DE_mkately November 18, 2020

they're crazy. esp in a pandemic. nope.

colojojo November 18, 2020

Pre pandemic... I think you talked with and saw your mom pretty often! That sounds like a lot. But everyone’s different. I have a friend at work who called her mom on her lunch break every single day, and went home every weekend that she wasn’t working, and it’s 2 hours away. She would go on a Saturday morning and come back Sunday night or Monday morning (working 2nd shift). To me, that’s overkill, but her mom is pretty much her best friend. So I get it. I, myself, have always been a very independent person and I probably talk to them once every 2 weeks and see them once every month or every 2 months if I’m lucky.

During this pandemic... I think you are being safe.
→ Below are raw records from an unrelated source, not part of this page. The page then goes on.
lemma common_translator:
  assumes H_compact: "def_compact D n (subtopology \<tau> H)" and C: "C \<in> D n" "C \<subseteq> carrier G"
    and x: "x \<in> \<tau> closure_of (H <#> C)"
  shows "\<exists>h0\<in>H. \<forall>U. openin \<tau> U \<and> x \<in> U \<longrightarrow> h0 \<in> \<tau> closure_of translators C U"
proof -
  have xG: "x \<in> carrier G"
    using closure_of_subset_topspace x by fastforce
  obtain mB TB B where basis: "def_basis D mB n \<tau> TB B"
    by (rule obtain_def_basis)
  have B_open: "\<And>s. s \<in> TB \<Longrightarrow> openin \<tau> (B s)"
    and base: "\<And>U y. openin \<tau> U \<Longrightarrow> y \<in> U \<Longrightarrow> \<exists>s\<in>TB. y \<in> B s \<and> B s \<subseteq> U"
    using basis unfolding def_basis_def by blast+
  define Sx where "Sx = {s \<in> TB. x \<in> B s}"
  define K where "K s = subtopology \<tau> H closure_of translators C (B s)" for s
  have fam: "def_family D mB n Sx K"
    unfolding K_def Sx_def using def_family_basis_at[OF basis length_carrier[OF xG]]
    by (rule def_family_closure_translators[OF _ C])
  have nonempty: "Sx \<noteq> {}"
    using base[OF openin_topspace, of x] xG by (auto simp: Sx_def)
  have K_nonempty: "K s \<noteq> {}" if "s \<in> Sx" for s
    using closure_translators_nonempty[OF x B_open] that unfolding K_def Sx_def by blast
  have "filtered_family Sx K"
    unfolding Sx_def using filtered_family_basis_at[OF basis]
    by (rule filtered_family_mono) (auto simp: K_def translators_def intro!: closure_of_mono)
  moreover have "closedin (subtopology \<tau> H) (K s)" for s
    unfolding K_def by simp
  ultimately have "(\<Inter>s\<in>Sx. K s) \<noteq> {}"
    using def_compactD[OF H_compact fam nonempty _ K_nonempty] by blast
  then obtain h0 where h0: "\<And>s. s \<in> Sx \<Longrightarrow> h0 \<in> K s"
    by blast
  show ?thesis
  proof (rule bexI[of _ h0])
    show "h0 \<in> H"
      using h0 nonempty closure_of_subset_topspace unfolding K_def by fastforce
    show "\<forall>U. openin \<tau> U \<and> x \<in> U \<longrightarrow> h0 \<in> \<tau> closure_of translators C U"
    proof (intro allI impI)
      fix U
      assume "openin \<tau> U \<and> x \<in> U"
      then obtain s where s: "s \<in> Sx" "B s \<subseteq> U"
        using base unfolding Sx_def by blast
      have "K s \<subseteq> \<tau> closure_of translators C (B s)"
        unfolding K_def closure_of_subtopology by (intro Int_lower2[THEN order_trans] closure_of_mono) blast
      also have "\<dots> \<subseteq> \<tau> closure_of translators C U"
        using s(2) unfolding translators_def by (intro closure_of_mono) blast
      finally show "h0 \<in> \<tau> closure_of translators C U"
        using h0[OF s(1)] by blast
    qed
  qed
qed

lemma closedin_set_mult:
  assumes H_compact: "def_compact D n (subtopology \<tau> H)" and C: "closedin \<tau> C" "C \<in> D n"
  shows "closedin \<tau> (H <#> C)"
proof -
  have CG: "C \<subseteq> carrier G"
    using closedin_subset[OF C(1)] by simp
  have "x \<in> H <#> C" if x: "x \<in> \<tau> closure_of (H <#> C)" for x
  proof -
    have xG: "x \<in> carrier G"
      using closure_of_subset_topspace x by fastforce
    obtain h0 where h0: "h0 \<in> H"
      and "\<forall>U. openin \<tau> U \<and> x \<in> U \<longrightarrow> h0 \<in> \<tau> closure_of translators C U"
      using common_translator[OF H_compact C(2) CG x] by blast
    then have "inv h0 \<otimes> x \<in> C"
      using H_subset by (intro inv_mult_mem_of_closure_translators[OF C(1) xG]) auto
    moreover have "x = h0 \<otimes> (inv h0 \<otimes> x)"
      using h0 H_subset xG by (auto simp: m_assoc[symmetric])
    ultimately show ?thesis
      using h0 unfolding set_mult_def by blast
  qed
  moreover have "H <#> C \<subseteq> topspace \<tau>"
    using set_mult_closed H_subset CG by simp
  ultimately show ?thesis
    using closure_of_subset_eq by blast
qed

lemma Inter_nonempty_of_common_quotient_point:
  assumes H_compact: "def_compact D n (subtopology \<tau> H)" and fam: "def_family D m n T C"
    and closed: "\<And>t. t \<in> T \<Longrightarrow> closedin \<tau> (C t)" and filtered: "filtered_family T C"
    and q: "\<And>t. t \<in> T \<Longrightarrow> q \<in> \<pi> ` C t" and t0: "t0 \<in> T"
  shows "(\<Inter>t\<in>T. C t) \<noteq> {}"
proof -
  have CG: "C t \<subseteq> carrier G" if "t \<in> T" for t
    using closedin_subset[OF closed[OF that]] by simp
  obtain a where a: "a \<in> C t0" "q = \<pi> a"
    using q[OF t0] by blast
  have aG: "a \<in> carrier G"
    using a CG t0 by blast
  define K where "K = (\<lambda>t. {h \<in> H. h \<otimes> a \<in> C t})"
  have "def_family D m n T (\<lambda>t. {h \<in> H. \<exists>c\<in>{a}. h \<otimes> c \<in> C t})"
    using singleton_list_definable[of a] length_carrier[OF aG] aG
    by (intro def_family_mult_preimage[OF fam H_definable H_subset]) simp_all
  then have K_fam: "def_family D m n T K"
    by (simp add: K_def)
  have K_closed: "closedin (subtopology \<tau> H) (K t)" if "t \<in> T" for t
  proof -
    have "closedin \<tau> {x \<in> topspace \<tau>. x \<otimes> a \<in> C t}"
      using closedin_continuous_map_preimage[OF continuous_map_right_mult[OF aG] closed[OF that]] .
    moreover have "K t = {x \<in> topspace \<tau>. x \<otimes> a \<in> C t} \<inter> H"
      using H_subset by (auto simp: K_def)
    ultimately show ?thesis
      unfolding closedin_subtopology by blast
  qed
  have K_nonempty: "K t \<noteq> {}" if t: "t \<in> T" for t
  proof -
    obtain c where c: "c \<in> C t" "\<pi> c = \<pi> a"
      using q[OF t] a(2) by auto
    then have "c \<in> H #> a"
      using quotient_eq_imp_r_coset[OF aG] CG[OF t] by blast
    then obtain h where "h \<in> H" "c = h \<otimes> a"
      unfolding r_coset_def by blast
    with c(1) show ?thesis
      by (auto simp: K_def)
  qed
  have "filtered_family T K"
    using filtered by (rule filtered_family_mono) (auto simp: K_def)
  then have "(\<Inter>t\<in>T. K t) \<noteq> {}"
    using def_compactD[OF H_compact K_fam _ K_closed K_nonempty] t0 by blast
  then show ?thesis
    by (auto simp: K_def)
qed
(* Let $(u_0,v_0)=(e_4+e_{13},\,e_6+e_{15})\in\mathcal Z(\mathbb S)$ and let $g$ be the left-invariant metric on $G_2$ defined on $\mathfrak g_2$ by $g(X,Y)=\langle X\cdot(u_0,v_0),\,Y\cdot(u_0,v_0)\rangle_{\mathbb R^{32}}$ (i.e. the pullback of the induced metric of $\mathcal Z(\mathbb S)\subset\mathbb R^{32}$ under the diffeomorphism $h\mapsto h\cdot(u_0,v_0)$). Then $(G_2,g)$ (equivalently $\mathcal Z(\mathbb S)$) has positive Ricci curvature, and its Ricci tensor, as a left-invariant symmetric bilinear form on $\mathfrak g_2$, is $$\mathrm{Ric}=\frac52\sum_{i=0}^2 X^i\otimes X^i+\frac{29}{54}\sum_{i=3}^5 X^i\otimes X^i+\frac56\sum_{i=6}^{13}X^i\otimes X^i .$$
   Context: Cayley–Dickson algebras: $\mathbb A_0=\mathbb R$, $a^*=a$; $\mathbb A_n=\mathbb A_{n-1}\times\mathbb A_{n-1}$ with $(a,b)(c,d)=(ac-d^*b,\ da+bc^* )$, $(a,b)^*=(a^*,-b)$; canonical basis $e_i=(e_i,0)$, $e_{2^{n-1}+i}=(0,e_i)$ for $0\le i<2^{n-1}$. $\mathbb O=\mathbb A_3$, $\mathbb S=\mathbb A_4\cong\mathbb R^{16}$ (sedenions) with standard inner product. $\mathcal Z(\mathbb S)=\{(u,v)\in\mathbb S\times\mathbb S:\|u\|=\|v\|=\sqrt2,\ uv=0\}$ with metric induced from $\mathbb R^{32}$. $G_2=\mathrm{Aut}(\mathbb O)\subset\mathrm{SO}(8)$ (matrices w.r.t. $e_0,\dots,e_7$), acting on $\mathbb S=\mathbb O\times\mathbb O$ by $h(a,b)=(ha,hb)$ and diagonally on $\mathbb S\times\mathbb S$; this action is simply transitive on $\mathcal Z(\mathbb S)$. Its Lie algebra $\mathfrak g_2\subset\mathfrak{so}(8)$ acts likewise: $X\cdot(a,b)=(Xa,Xb)$. For $0\le i<j\le7$ let $E_{ij}\in\mathfrak{so}(8)$ have $(E_{ij})_{ij}=-1$, $(E_{ij})_{ji}=1$ and all other entries $0$ (rows/columns indexed $0,\dots,7$). The basis $X_0,\dots,X_{13}$ of $\mathfrak g_2$ is: $X_0=\tfrac12(E_{45}+E_{67})$, $X_1=\tfrac12(E_{46}-E_{57})$, $X_2=\tfrac12(E_{47}+E_{56})$, $X_3=-\tfrac{\sqrt3}6(2E_{23}-E_{45}+E_{67})$, $X_4=\tfrac{\sqrt3}6(2E_{13}+E_{46}+E_{57})$, $X_5=-\tfrac{\sqrt3}6(2E_{12}-E_{47}+E_{56})$, $X_6=-\tfrac12(E_{17}-E_{24})$, $X_7=\tfrac12(E_{16}+E_{25})$, $X_8=-\tfrac12(E_{15}-E_{26})$, $X_9=\tfrac12(E_{14}+E_{27})$, $X_{10}=\tfrac{\sqrt3}6(E_{16}-E_{25}+2E_{34})$, $X_{11}=\tfrac{\sqrt3}6(E_{17}+E_{24}+2E_{35})$, $X_{12}=-\tfrac{\sqrt3}6(E_{14}-E_{27}-2E_{36})$, $X_{13}=-\tfrac{\sqrt3}6(E_{15}+E_{26}-2E_{37})$; it is orthonormal for $-\mathrm{tr}(XY)$. $X^0,\dots,X^{13}$ denotes the dual basis. *)

theory Defs
  imports Complex_Main
begin

text \<open>An element of A_n is a function nat => real supported on indices < 2^n
  (coordinates w.r.t. the canonical basis e_0, ..., e_(2^n - 1)).
  (a,b) in A_(n+1) has lower half a (indices < 2^n) and upper half b.\<close>

fun cd_conj :: "nat \<Rightarrow> (nat \<Rightarrow> real) \<Rightarrow> (nat \<Rightarrow> real)" where
  "cd_conj 0 a = (\<lambda>i. if i = 0 then a 0 else 0)"
| "cd_conj (Suc n) a =
     (\<lambda>i. if i < 2^n then cd_conj n a i else if i < 2^Suc n then - a i else 0)"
I know it’s easy to feel guilty for not spending time with loved ones. There’s judgment. There’s pressure. But honestly, you are doing the best thing for your family by limiting hour interaction with them. You’re keeping them safe. That’s what so many people don’t understand.

sedentary November 18, 2020

Don't feel bad - my mom is a 5 minute walk from my house and I never go lol. But we're on a group chat with my sis so we're talking and video chatting all the time - I really don't need to be sitting across from her to know how her day is going.

she shines November 18, 2020

I live 7 hours to my nearest family member. I see my sisters 1-2 times a year usually, my mom 2-3. I talk to them all pretty much daily though via phone or text.